The tubes are dead on 0.5000"

Here's the two types of staking I have.
	

	
	
		
		

		
			





Sent from my SM-G892A using Tapatalk


----------



## Peyton Price 17 (Mar 22, 2021)

working on the parts, bought the stock and have 6 cut, and starting to machine them to size. hope to have them shipped out this week because I will be gone next week.


----------



## ttabbal (Mar 22, 2021)

Oh, I didn't realize we were a go. I'll get some stock and get moving.  I'm planning on 12 parts. I'm fine making more if needed.


----------



## Weldingrod1 (Mar 22, 2021)

Any thoughts on how to spread the parts? Maybe a variation on the pass-along box? That way everyone only ships twice (since the box has to make two laps)?

Sent from my SM-G892A using Tapatalk


----------



## Peyton Price 17 (Mar 25, 2021)

Weldingrod1 said:


> Any thoughts on how to spread the parts? Maybe a variation on the pass-along box? That way everyone only ships twice (since the box has to make two laps)?
> 
> Sent from my SM-G892A using Tapatalk


i think we ship the parts to you and you assemble them and we pay the shipping to the next person in line for the box, then they grab their 2 clamps and ship it out. I am almost ready to ship out my parts might have to ship them after next week because I can't drive yet and we don't have much time to go to the post office.


----------



## Weldingrod1 (Mar 26, 2021)

That sounds like a good plan!

Sent from my SM-G892A using Tapatalk


----------



## ttabbal (Apr 1, 2021)

I'm getting 0.506 right now on test holes for the moving jaw. The print calls out 0.506+0.003-0. Unless someone has a concern, I'll use that setting on the boring head moving forward. With checks along the way, of course.


----------



## Weldingrod1 (Apr 1, 2021)

That's a winner! The bar is 0.500, and the originals were 0.506" bore.

Sent from my SM-G892A using Tapatalk


----------



## ttabbal (Apr 4, 2021)

Parts are ready. @Weldingrod1, if you would PM me a shipping address, I'll get them out to you in the next couple of days. Happy Easter everyone!


----------



## Weldingrod1 (Apr 6, 2021)

PM sent!

Sent from my SM-G892A using Tapatalk


----------



## Weldingrod1 (Apr 12, 2021)

Nice work @ttabbal ! Smooth sliding fit! I'll have to get the bars cut ;-)
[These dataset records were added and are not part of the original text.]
lemma ext_zero_iff_entries:
  "ext_zero K n U V \<longleftrightarrow> (\<forall>g :: nat \<Rightarrow> nat \<Rightarrow> 'k. graded1 n U V g \<longrightarrow>
     (\<exists>f. graded0 n U V f \<and>
        (\<forall>j k. g j k = (if 1 \<le> j \<and> j < snd V then f (j - 1) k else 0)
                      - (if Suc k < snd U then f j (Suc k) else 0))))"
  for K :: "'k::field itself"
  unfolding ext_zero_def mmul_shift_left mmul_shift_right by (simp add: fun_eq_iff)

lemma graded1_outside:
  "graded1 n U V g \<Longrightarrow> \<not> (k < snd U \<and> j < snd V \<and> (fst V + j) mod n = (fst U + Suc k) mod n)
     \<Longrightarrow> g j k = 0"
  unfolding graded1_def vtx_def by (auto simp: mod_Suc_eq)

text \<open>
  The equations g = shift * f - f * shift link the entries of f along each diagonal. On and below
  the main diagonal f is obtained by summing g towards the last column, above it by summing g
  from the first row.
\<close>

definition diag_solution :: "nat \<Rightarrow> (nat \<Rightarrow> nat \<Rightarrow> 'a::ab_group_add) \<Rightarrow> nat \<Rightarrow> nat \<Rightarrow> 'a" where
  "diag_solution l g j k =
     (if k \<le> j then (\<Sum>t<l - k. g (j + 1 + t) (k + t)) else - (\<Sum>s\<le>j. g (j - s) (k - 1 - s)))"

lemma diag_solution_below_diag:
  assumes "k < j" "k < l"
  shows "diag_solution l g (j - 1) k - diag_solution l g j (Suc k) = g j k"
proof -
  have "(\<Sum>t<Suc (l - Suc k). g (j + t) (k + t)) = g j k + (\<Sum>t<l - Suc k. g (j + Suc t) (k + Suc t))"
    by (subst sum.lessThan_Suc_shift) simp
  moreover have "Suc (l - Suc k) = l - k" "k \<le> j - 1" "Suc k \<le> j" "j - 1 + 1 = j"
    using assms by auto
  ultimately show ?thesis by (simp add: diag_solution_def)
qed

lemma diag_solution_above_diag:
  assumes "j \<le> k"
  shows "(if 1 \<le> j then diag_solution l g (j - 1) k else 0) - diag_solution l g j (Suc k) = g j k"
proof (cases j)
  case 0
  then show ?thesis by (simp add: diag_solution_def)
next
  case (Suc j')
  have "(\<Sum>s\<le>Suc j'. g (Suc j' - s) (k - s)) =
      g (Suc j') k + (\<Sum>s\<le>j'. g (Suc j' - Suc s) (k - Suc s))"
    by (subst sum.atMost_Suc_shift) simp
  then show ?thesis using assms Suc by (simp add: diag_solution_def)
qed

lemma has_ext_if_above_diag_last_col:
  assumes "j \<le> k" "k < snd U" "snd U \<le> Suc k" "j < snd V"
    and "(fst V + j) mod n = (fst U + Suc k) mod n"
  shows "has_ext n U V"
proof -
  have "(fst U + (Suc k - j)) mod n = fst V mod n"
    using assms(1,5) mod_add_right_cancel_nat[of "fst U + (Suc k - j)" j n "fst V"]
    by (simp add: add.commute)
  then show ?thesis unfolding has_ext_def using assms(1-4) by (intro exI[of _ "Suc k - j"]) auto
qed

lemma ext_zero_if_not_has_ext:
  fixes K :: "'k::field itself"
  assumes no_ext: "\<not> has_ext n U V"
  shows "ext_zero K n U V"
  unfolding ext_zero_iff_entries
proof (intro allI impI)
  obtain i l i' l' where U: "U = (i, l)" and V: "V = (i', l')" by (cases U, cases V)
  fix g :: "nat \<Rightarrow> nat \<Rightarrow> 'k"
  assume "graded1 n U V g"
  define supp0 where "supp0 j k \<longleftrightarrow> k < l \<and> j < l' \<and> (i' + j) mod n = (i + k) mod n" for j k
  define supp1 where "supp1 j k \<longleftrightarrow> k < l \<and> j < l' \<and> (i' + j) mod n = (i + Suc k) mod n" for j k
  define f where "f j k = (if supp0 j k then diag_solution l g j k else 0)" for j k
  have "graded0 n U V f" unfolding graded0_def U V vtx_def f_def supp0_def by auto
  moreover have "g j k = (if 1 \<le> j \<and> j < l' then f (j - 1) k else 0)
                          - (if Suc k < l then f j (Suc k) else 0)" for j k
  proof -
    have supp0_pred: "supp0 (j - 1) k \<longleftrightarrow> supp1 j k" if "1 \<le> j" "j < l'"
      unfolding supp0_def supp1_def
      using that mod_add_right_cancel_nat[of "i' + (j - 1)" 1 n "i + k"]
      by auto
    have supp0_Suc: "supp0 j (Suc k) \<longleftrightarrow> supp1 j k" if "Suc k < l"
      unfolding supp0_def supp1_def using that by auto
    show ?thesis
    proof (cases "supp1 j k")
      case False
      then show ?thesis
        using graded1_outside[OF \<open>graded1 n U V g\<close>, of k j] supp0_pred supp0_Suc
        unfolding f_def supp1_def U V by auto
    next
      case True
      show ?thesis
      proof (cases "k < j")
        case True
        then show ?thesis
          using diag_solution_below_diag[of k j l g] \<open>supp1 j k\<close> supp0_pred supp0_Suc
          unfolding f_def supp1_def by (auto simp: diag_solution_def)
      next
        case False
        then have "Suc k < l"
          using has_ext_if_above_diag_last_col[of j k U V n] no_ext \<open>supp1 j k\<close>
          unfolding supp1_def U V by fastforce
        then show ?thesis
          using diag_solution_above_diag[of j k l g] \<open>supp1 j k\<close> False supp0_pred supp0_Suc
          unfolding f_def supp1_def by auto
      qed
    qed
  qed
  ultimately show "\<exists>f. graded0 n U V f \<and>
      (\<forall>j k. g j k = (if 1 \<le> j \<and> j < snd V then f (j - 1) k else 0)
                    - (if Suc k < snd U then f j (Suc k) else 0))"
    using U V by auto
qed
How are the other parts coming?
	

	
	
		
		

		
			





Sent from my SM-G892A using Tapatalk


----------



## ttabbal (Apr 12, 2021)

Glad to hear they got there and fit nicely! I'm looking forward to seeing all of the parts trickle in.


----------



## Peyton Price 17 (Apr 13, 2021)

Weldingrod1 said:


> Nice work @ttabbal ! Smooth sliding fit! I'll have to get the bars cut ;-)
> 
> How are the other parts coming?
> 
> Sent from my SM-G892A using Tapatalk


need to debur the threads due to a bad collet and cheap all thread. need to remove an er11 collet chuck from a motor that is a press fit with heat. might use a chuck to hold it but could you stake the parts? since you did it I don't want to mess up parts due to a lack of knowledge, and this is the first job I took.


----------



## Weldingrod1 (Apr 16, 2021)

Sure, I can figure out the staking!

Sent from my SM-G892A using Tapatalk


----------



## Weldingrod1 (Apr 16, 2021)

Sure, I can figure out the staking!

Sent from my SM-G892A using Tapatalk


----------



## ttabbal (May 19, 2021)

No updates for a while. Hope everyone is well and remembers.


----------



## Weldingrod1 (May 24, 2021)

Yeah, I was hoping to hear about some more parts to go with the moving jaw! Of course, I need to break down and make the bars ;-)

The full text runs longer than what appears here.